One can say today that the concept is validated. It is characterized by its simple implementation, its efficiency on the air, and by the use of reliable and well known equipments of amateur television.

The tasks that are to achieve are the following:

- to improve the modem, for example by using differential biphase code to avoid to have to specify the direction of the modulation,
- to achieve printed circuits,
- to construct a true hardware and software interface for PC, the ideal being to be able to introduce and to extract the data by an USB port,
- finally, to work on the regeneration of the digital signals in the repeaters, in order to avoid the cumulative effects of the noise. It is one of the big advantages of the digital transmission that to be able to recreate in every repeater quasi-perfect signals from noisy or impaired signals.

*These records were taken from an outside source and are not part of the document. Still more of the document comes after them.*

(* Let $n,x$ be integers with $1<x<n$, so that $G=C_{2n}(x,1,n)$ is a $5$-regular circulant graph. If $n\equiv x\equiv 2 \pmod 3$, then $G$ is word-representable.
   Context: Two distinct letters $x,y$ alternate in a word $w$ if, after deleting all other letters from $w$, the resulting word is of the form $xyxy\cdots$ or $yxyx\cdots$ (of even or odd length). A graph $G=(V,E)$ is word-representable if there is a word $w$ over the alphabet $V$, containing every letter of $V$ at least once, such that for all distinct $x,y\in V$, $xy\in E$ if and only if $x$ and $y$ alternate in $w$. For an integer $m$ and a set $R$ of positive integers each at most $m/2$, the circulant graph $C_m(R)$ has vertex set $\{0,1,\dots,m-1\}$, with $i$ and $j$ adjacent iff $\min(|i-j|,\,m-|i-j|)\in R$. $C_{2n}(x,1,n)$ denotes the circulant graph on $2n$ vertices with jump set $\{1,x,n\}$; it is $5$-regular exactly when $1<x<n$. *)

theory Defs
  imports Main
begin

definition alternate :: "'a \<Rightarrow> 'a \<Rightarrow> 'a list \<Rightarrow> bool" where
  "alternate x y w \<longleftrightarrow>
     (let u = filter (\<lambda>z. z = x \<or> z = y) w in
      \<forall>i. Suc i < length u \<longrightarrow> u ! i \<noteq> u ! Suc i)"

definition word_representable :: "'a set \<Rightarrow> ('a \<Rightarrow> 'a \<Rightarrow> bool) \<Rightarrow> bool" where
  "word_representable V E \<longleftrightarrow>
     (\<exists>w. set w = V \<and>
        (\<forall>x\<in>V. \<forall>y\<in>V. x \<noteq> y \<longrightarrow> (E x y \<longleftrightarrow> alternate x y w)))"

definition circ_dist :: "nat \<Rightarrow> nat \<Rightarrow> nat \<Rightarrow> nat" where
  "circ_dist m i j = (let d = (if i \<le> j then j - i else i - j) in min d (m - d))"

definition circulant_adj :: "nat \<Rightarrow> nat set \<Rightarrow> nat \<Rightarrow> nat \<Rightarrow> bool" where
  "circulant_adj m R i j \<longleftrightarrow> i < m \<and> j < m \<and> i \<noteq> j \<and> circ_dist m i j \<in> R"

end

theory Submission
  imports Defs "HOL-Library.Product_Lexorder"
begin

(* A graph is word-representable as soon as it has a semi-transitive orientation
   (Halldorsson, Kitaev and Pyatkin).  We orient every edge towards the larger colour of a
   proper colouring h and write the word down explicitly.  It is a concatenation of pieces;
   a piece for two vertex sets A and C lists, each in the order of (h z, z), the vertices in A,
   in C, outside A and outside C.  If A and C are closed under predecessors, C is contained in A and A contains the
   out-neighbours of C, then every arc u \<rightarrow> v restricts to u v u v in the piece; choosing A
   and C from the ancestors of a vertex produces a repeated letter for every non-adjacent pair.

   For C_2n(1, x, n) with n and x congruent to 2 mod 3 the colouring is i mod 3, except that vertex 2n-1
   gets a fourth colour.  The jumps 1, x, n, 2n-x are all nonzero mod 3, so the colouring is
   proper, and a directed path has at most three arcs.  A path through all four colours ending
   at 2n-1 must end with 2n-3 \<rightarrow> 2n-2 \<rightarrow> 2n-1, and a chord to 2n-1 from colour 0 can only
   start at 0, which is not adjacent to 2n-3. *)

lemma alternate_iff_successively:
  "alternate x y w \<longleftrightarrow> successively (\<noteq>) (filter (\<lambda>z. z = x \<or> z = y) w)"
  unfolding alternate_def Let_def successively_conv_nth ..

lemma alternate_commute: "alternate x y w \<longleftrightarrow> alternate y x w"
  unfolding alternate_def by (simp add: disj_commute)

lemma successively_concat_map_const:
  assumes "successively P B" and "B \<noteq> [] \<Longrightarrow> P (last B) (hd B)"
  shows "successively P (concat (map (\<lambda>_. B) xs))"
proof (induction xs)
  case (Cons y ys)
  then show ?case
    using assms by (cases ys) (auto simp: successively_append_iff hd_append)
qed simp

lemma successively_concat_member:
  assumes "successively P (concat xss)" and "xs \<in> set xss"
  shows "successively P xs"
proof -
  obtain ys zs where "xss = ys @ xs # zs"
    using split_list[OF assms(2)] by blast
  with assms(1) show ?thesis
    by (simp add: successively_append_iff)
qed

definition colour_orientation :: "('a \<Rightarrow> 'a \<Rightarrow> bool) \<Rightarrow> ('a \<Rightarrow> 'b::order) \<Rightarrow> 'a \<Rightarrow> 'a \<Rightarrow> bool" where
  "colour_orientation E h u v \<longleftrightarrow> E u v \<and> h u < h v"

(* For an acyclic orientation this is semi-transitivity: the vertices of a directed path whose
   ends are joined by an arc induce a transitive tournament. *)
definition shortcut_free :: "('a \<Rightarrow> 'a \<Rightarrow> bool) \<Rightarrow> bool" where
  "shortcut_free R \<longleftrightarrow>
     (\<forall>w a b v. R\<^sup>*\<^sup>* w a \<longrightarrow> R\<^sup>*\<^sup>* a b \<longrightarrow> R\<^sup>*\<^sup>* b v \<longrightarrow> R w v \<longrightarrow> a = b \<or> R a b)"

lemma rtranclp_increasing:
  fixes h :: "'a \<Rightarrow> 'b::order"
  assumes "\<And>u v. R u v \<Longrightarrow> h u < h v" and "R\<^sup>*\<^sup>* u v"
  shows "u = v \<or> h u < h v"
  using assms(2) by (induction rule: rtranclp_induct) (auto dest: assms(1) intro: less_trans)

definition vertex_order :: "'a::linorder set \<Rightarrow> ('a \<Rightarrow> 'b::linorder) \<Rightarrow> 'a list" where
  "vertex_order V h = sort_key (\<lambda>z. (h z, z)) (sorted_list_of_set V)"

lemma set_vertex_order: "finite V \<Longrightarrow> set (vertex_order V h) = V"
  by (simp add: vertex_order_def)

lemma filter_pair_vertex_order:
  assumes "finite V" "u \<in> V" "v \<in> V" "(h u, u) < (h v, v)"
  shows "filter (\<lambda>z. z = u \<or> z = v) (vertex_order V h) = [u, v]"
proof (rule map_sorted_distinct_set_unique[where f = "\<lambda>z. (h z, z)"])
  show "sorted (map (\<lambda>z. (h z, z)) (filter (\<lambda>z. z = u \<or> z = v) (vertex_order V h)))"
    unfolding vertex_order_def by (rule sorted_filter) (rule sorted_sort_key)
  show "distinct (map (\<lambda>z. (h z, z)) (filter (\<lambda>z. z = u \<or> z = v) (vertex_order V h)))"
    by (simp add: distinct_map inj_on_def vertex_order_def)
qed (use assms in \<open>auto simp: inj_on_def set_vertex_order\<close>)

definition piece ::
  "'a::linorder set \<Rightarrow> ('a \<Rightarrow> 'b::linorder) \<Rightarrow> 'a set \<Rightarrow> 'a set \<Rightarrow> 'a list" where
  "piece V h A C = (let vs = vertex_order V h in
     filter (\<lambda>z. z \<in> A) vs @ filter (\<lambda>z. z \<in> C) vs @
     filter (\<lambda>z. z \<notin> A) vs @ filter (\<lambda>z. z \<notin> C) vs)"

lemma set_piece: "finite V \<Longrightarrow> set (piece V h A C) = V"
  by (auto simp: piece_def Let_def set_vertex_order)

lemma filter_pair_piece:
  assumes "finite V" "u \<in> V" "v \<in> V" "(h u, u) < (h v, v)"
  shows "filter (\<lambda>z. z = u \<or> z = v) (piece V h A C) =
    filter (\<lambda>z. z \<in> A) [u, v] @ filter (\<lambda>z. z \<in> C) [u, v] @
    filter (\<lambda>z. z \<notin> A) [u, v] @ filter (\<lambda>z. z \<notin> C) [u, v]"
proof -
  have "filter (\<lambda>z. z = u \<or> z = v) (filter S (vertex_order V h)) = filter S [u, v]" for S
  proof -
    have "filter (\<lambda>z. z = u \<or> z = v) (filter S (vertex_order V h)) =
        filter S (filter (\<lambda>z. z = u \<or> z = v) (vertex_order V h))"
      by (simp add: conj_commute)
    then show ?thesis
      by (simp only: filter_pair_vertex_order[OF assms])
  qed
  then show ?thesis
    by (simp add: piece_def Let_def)
qed

lemma filter_pair_piece_arc:
  assumes "finite V" "u \<in> V" "v \<in> V" "(h u, u) < (h v, v)"
    and "v \<in> A \<Longrightarrow> u \<in> A" "v \<in> C \<Longrightarrow> u \<in> C" "u \<in> C \<Longrightarrow> u \<in> A" "u \<in> C \<Longrightarrow> v \<in> A"
  shows "filter (\<lambda>z. z = u \<or> z = v) (piece V h A C) = [u, v, u, v]"
  using assms(5-8) unfolding filter_pair_piece[OF assms(1-4)] by auto

definition ancestors :: "('a \<Rightarrow> 'a \<Rightarrow> bool) \<Rightarrow> 'a set \<Rightarrow> 'a set" where
  "ancestors R S = {u. \<exists>y\<in>S. R\<^sup>*\<^sup>* u y}"

(* For non-adjacent a, b with (h a, a) < (h b, b): if a reaches b, the first piece of the
   block of a restricts to a a b b (shortcut-freeness keeps b out of its first set); otherwise
   the second piece of the block of b restricts to a b b a. *)
definition vertex_block ::
  "'a::linorder set \<Rightarrow> ('a \<Rightarrow> 'b::linorder) \<Rightarrow> ('a \<Rightarrow> 'a \<Rightarrow> bool) \<Rightarrow> 'a \<Rightarrow> 'a list" where
  "vertex_block V h R x = (let S = ancestors R {x} in
     piece V h (ancestors R {y. \<exists>w\<in>S. R\<^sup>=\<^sup>= w y}) S @ piece V h UNIV S)"

lemma subset_ancestors: "S \<subseteq> ancestors R S"
  by (auto simp: ancestors_def)

lemma ancestors_arc: "R u v \<Longrightarrow> v \<in> ancestors R S \<Longrightarrow> u \<in> ancestors R S"
  unfolding ancestors_def by (blast intro: converse_rtranclp_into_rtranclp)

lemma filter_pair_vertex_block_arc:
  assumes "finite V" "u \<in> V" "v \<in> V" "(h u, u) < (h v, v)" and "R u v"
  shows "filter (\<lambda>z. z = u \<or> z = v) (vertex_block V h R x) = [u, v, u, v, u, v, u, v]"
proof -
  let ?S = "ancestors R {x}"
  let ?A = "ancestors R {y. \<exists>w\<in>?S. R\<^sup>=\<^sup>= w y}"
  have down: "v \<in> ancestors R T \<Longrightarrow> u \<in> ancestors R T" for T
    by (rule ancestors_arc[where R = R, OF assms(5)])
  have "u \<in> ?A" and "v \<in> ?A" if "u \<in> ?S"
    using that assms(5) subset_ancestors[of "{y. \<exists>w\<in>?S. R\<^sup>=\<^sup>= w y}" R] by auto
  then have "filter (\<lambda>z. z = u \<or> z = v) (piece V h ?A ?S) = [u, v, u, v]"
    using down by (intro filter_pair_piece_arc[OF assms(1-4)])
  moreover have "filter (\<lambda>z. z = u \<or> z = v) (piece V h UNIV ?S) = [u, v, u, v]"
    using down by (intro filter_pair_piece_arc[OF assms(1-4)]) simp_all
  ultimately show ?thesis
    by (simp add: vertex_block_def Let_def)
qed

lemma not_successively_vertex_block:
  assumes "finite V" "a \<in> V" "b \<in> V" "(h a, a) < (h b, b)" and "\<not> R a b"
    and increasing: "\<And>u v. R u v \<Longrightarrow> h u < h v" and "shortcut_free R"
  shows "\<not> successively (\<noteq>) (filter (\<lambda>z. z = a \<or> z = b) (vertex_block V h R a)) \<or>
    \<not> successively (\<noteq>) (filter (\<lambda>z. z = a \<or> z = b) (vertex_block V h R b))"
proof -
  have "a \<noteq> b" and "h a \<le> h b"
    using assms(4) by auto
  have not_ba: "b \<notin> ancestors R {a}"
    using rtranclp_increasing[of R h b a] increasing \<open>a \<noteq> b\<close> \<open>h a \<le> h b\<close>
    unfolding ancestors_def by auto
  have a_a: "a \<in> ancestors R {a}"
    by (simp add: ancestors_def)
  show ?thesis
  proof (cases "a \<in> ancestors R {b}")
    case True
    let ?A = "ancestors R {y. \<exists>w\<in>ancestors R {a}. R\<^sup>=\<^sup>= w y}"
    have "b \<notin> ?A"
    proof
      assume "b \<in> ?A"
      then obtain w y where w_a: "R\<^sup>*\<^sup>* w a" and "w = y \<or> R w y" and b_y: "R\<^sup>*\<^sup>* b y"
        unfolding ancestors_def by auto
      then consider "w = y" | "R w y"
        by blast
      then show False
      proof cases
        case 1
        then show False
          using not_ba w_a b_y unfolding ancestors_def by (blast intro: rtranclp_trans)
      next
        case 2
        moreover have "R\<^sup>*\<^sup>* a b"
          using True by (simp add: ancestors_def)
        ultimately show False
          using \<open>shortcut_free R\<close> w_a b_y \<open>a \<noteq> b\<close> assms(5)
          unfolding shortcut_free_def by blast
      qed
    qed
    moreover have "a \<in> ?A"
      using a_a unfolding ancestors_def by blast
    ultimately have "filter (\<lambda>z. z = a \<or> z = b) (piece V h ?A (ancestors R {a})) = [a, a, b, b]"
      using a_a not_ba unfolding filter_pair_piece[OF assms(1-4)] by simp
    then show ?thesis
      by (simp add: vertex_block_def Let_def successively_append_iff)
  next
    case False
    have "b \<in> ancestors R {b}"
      by (simp add: ancestors_def)
    with False have "filter (\<lambda>z. z = a \<or> z = b) (piece V h UNIV (ancestors R {b})) = [a, b, b, a]"
      unfolding filter_pair_piece[OF assms(1-4)] by simp
    then show ?thesis
      by (simp add: vertex_block_def Let_def successively_append_iff)
  qed
qed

It could be funny to experiment the whole scheme on more of two ATV path, while transiting for example by other ATV repeaters of the neighbourhood, and using 10 GHz ATV links of the region. Ranges of more than 200 km is certainly possible, and it is quickly controllable. Could one then imagine transmission tests at a 2 Mbit/s rate between Montpellier, Nîmes and Marseille (french cities in the South of France), for simple technical tests in a first time, then more seriously to exchange voice, pictures, files or MPEG video?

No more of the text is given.